Di sela-sela permenungan, aku teringat akan penafsiran Kakek pada pohon beringin itu. Penggambaran sosok perempuan yang demikian anggun, mengingatkanku pada Ratih. Ya, kembang desa itu. Aku dan Ratih adalah teman sejak kecil. Begitu pun Gito. Kami bertiga senantiasa bersama. Bahkan ketika mandi di sungai pun, kami tidak malu-malu membuka seluruh pakaian masing-masing. Aih! Masa kecil yang aduhai.
Namun seiring berjalannya waktu, ada perasaan aneh dalam diriku. Setiap kali aku melihat Ratih tersenyum, jantungku seperti rontok. Dan suaranya yang lembut, seperti payung yang memayungi jiwaku. Perasaan ini juga yang membuatku benci pada Gito. Terdengar berlebihan, tapi ini alasan paling kuat untuk membencinya.
Mulanya aku bisa menutupi perasaan ini. Namun semakin lama, aku semakin gusar setiap melihat Gito dan Ratih terlihat begitu dekat.
Seminggu lalu aku tak sengaja melihat mereka berdua bercanda ria di rumah Ratih. Entah mengapa, aku yang hendak menggembala kambing bersama kakek, seketika kehilangan semangat. Sepanjang perjalanan aku melamun. Kakek yang menyadari itu segera menegurku. Aku tersadar. Sampai di waktu istirahat, aku kembali melamun. Lagi-lagi Kakek menyadari itu dan memulai pembicaraan.

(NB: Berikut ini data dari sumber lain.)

text \<open>A supporting functional at a relative boundary point t 1, projected onto H, is a direction
  along which f stays constant while B(x) shrinks; hence the card-minimality hypothesis.\<close>
lemma hypH_minimizer_ones_in_rel_interior:
  fixes x :: "real^'n"
  assumes h: "is_tsignomial A c" and hom: "thomogeneous A c"
    and x: "hypH_minimizer A c x"
    and card_min: "\<And>y. hypH_minimizer A c y \<Longrightarrow> card (tB A c x) \<le> card (tB A c y)"
  obtains t where "t *\<^sub>R ones \<in> rel_interior (convex hull (tB A c x))"
proof -
  let ?K = "convex hull (tB A c x)"
  obtain t where t: "t *\<^sub>R ones \<in> ?K"
    using hypH_minimizer_ones_in_cell[OF h x] .
  have "t *\<^sub>R ones \<in> rel_interior ?K"
  proof (rule ccontr)
    let ?p = "t *\<^sub>R ones :: real^'n"
    assume "?p \<notin> rel_interior ?K"
    then obtain a where a_le: "\<forall>b\<in>tB A c x. b \<bullet> a \<le> ?p \<bullet> a"
      and a_lt: "\<exists>b\<in>tB A c x. b \<bullet> a \<noteq> ?p \<bullet> a"
      using t unfolding in_rel_interior_convex_hull_iff by blast
    obtain d where "\<And>b. b \<in> tsupp A c \<Longrightarrow> b \<bullet> ones = d"
      using thomogeneous_degree[OF hom] by blast
    then have d: "b \<bullet> ones = d" if "b \<in> tB A c x" for b
      using that tB_subset_tsupp by blast
    have "?p \<bullet> ones = d"
      using convex_hull_inner_eq[OF d t] .
    define u where "u = hypH_proj a"
    have u: "u \<in> hypH" unfolding u_def by (rule hypH_proj_in_hypH)
    then have "?p \<bullet> u = 0" by (simp add: hypH_iff_inner_ones inner_commute)
    then have ub: "b \<bullet> u = b \<bullet> a - ?p \<bullet> a" if "b \<in> tB A c x" for b
      using d[OF that] \<open>?p \<bullet> ones = d\<close> unfolding u_def inner_hypH_proj by simp
    have max0: "Max ((\<lambda>b. b \<bullet> u) ` tB A c x) = 0"
      using ub a_le hypH_minimizer_directional_derivative[OF h x u] finite_tB[OF h] tB_not_empty[OF h]
      by (intro antisym) auto
    obtain e where e: "e > 0" "teval A c (x + e *\<^sub>R u) = teval A c x"
      "tB A c (x + e *\<^sub>R u) = {b \<in> tB A c x. b \<bullet> u = 0}"
      using teval_perturb[OF h, of x u] unfolding max0 by auto
    have "hypH_minimizer A c (x + e *\<^sub>R u)"
      using x u e(2) by (simp add: hypH_minimizer_def hypH_iff_inner_ones inner_add_left)
    then have "card (tB A c x) \<le> card (tB A c (x + e *\<^sub>R u))"
      by (rule card_min)
    moreover have "tB A c (x + e *\<^sub>R u) \<subset> tB A c x"
    proof -
      obtain b where b: "b \<in> tB A c x" "b \<bullet> a \<noteq> ?p \<bullet> a"
        using a_lt by blast
      then have "b \<notin> tB A c (x + e *\<^sub>R u)"
        using e(3) ub by simp
      then show ?thesis
        using b(1) e(3) by blast
    qed
    ultimately show False
      using psubset_card_mono[OF finite_tB[OF h]] by (simp add: not_le[symmetric])
  qed
  then show ?thesis using that by blast
qed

"Kau sudah remaja, Le, wajar."
Aku tak mengerti dengan kalimat Kakek barusan. Aku tetap mematung sembari menatap hamparan luas. Semilir angin berembus. Sulur beringin bergoyang lunglai.
"Kau suka padanya?"
Apa lagi ini. Aku benar-benar tak paham. Suka? Apalah yang dimaksud kakekku ini. Aku tetap tak menggubris perkataan Kakek. Kakek membakar rokoknya. Lantas dia bercerita tentang bulu perindu. Aku tak tahu mengapa Kakek tiba-tiba cerita hal tersebut. Dengan mata terpejam aku mendengarkan cerita Kakek.
Bulu perindu, benda yang asing di telingaku. Benda yang digunakan para lelaki untuk merayu jiwa perempuan dari kejauhan. Usaha merayu dari kejauhan tersebut tak ada yang gagal. Kakek memberi tahu padaku bagaimana menggunakannya. Yaitu cukup taruh foto perempuan yang kau suka di depan bulu perindu. Tunggu sampai bulu perindu itu saling mengait satu sama lain. Niscaya keesokan harinya perempuan itu akan luluh hatinya. Sangat luluh. Begitulah kata Kakek. Dan di akhir ceritanya Kakek berkata:
"Kalau kau benar-benar suka pada Ratih, aku akan memberitahumu bagaimana cara mendapatkan bulu perindu."
Aku yang saat itu mendengarkan sembari terpejam, berusaha menahan tawaku. Bagaimana bisa hanya dengan suatu benda, perempuan bisa tergila-gila dengan kita. Aku tetap tak menggubris perkataan Kakek. Dalam hati suaraku meraung: Aku tak akan melakukannya!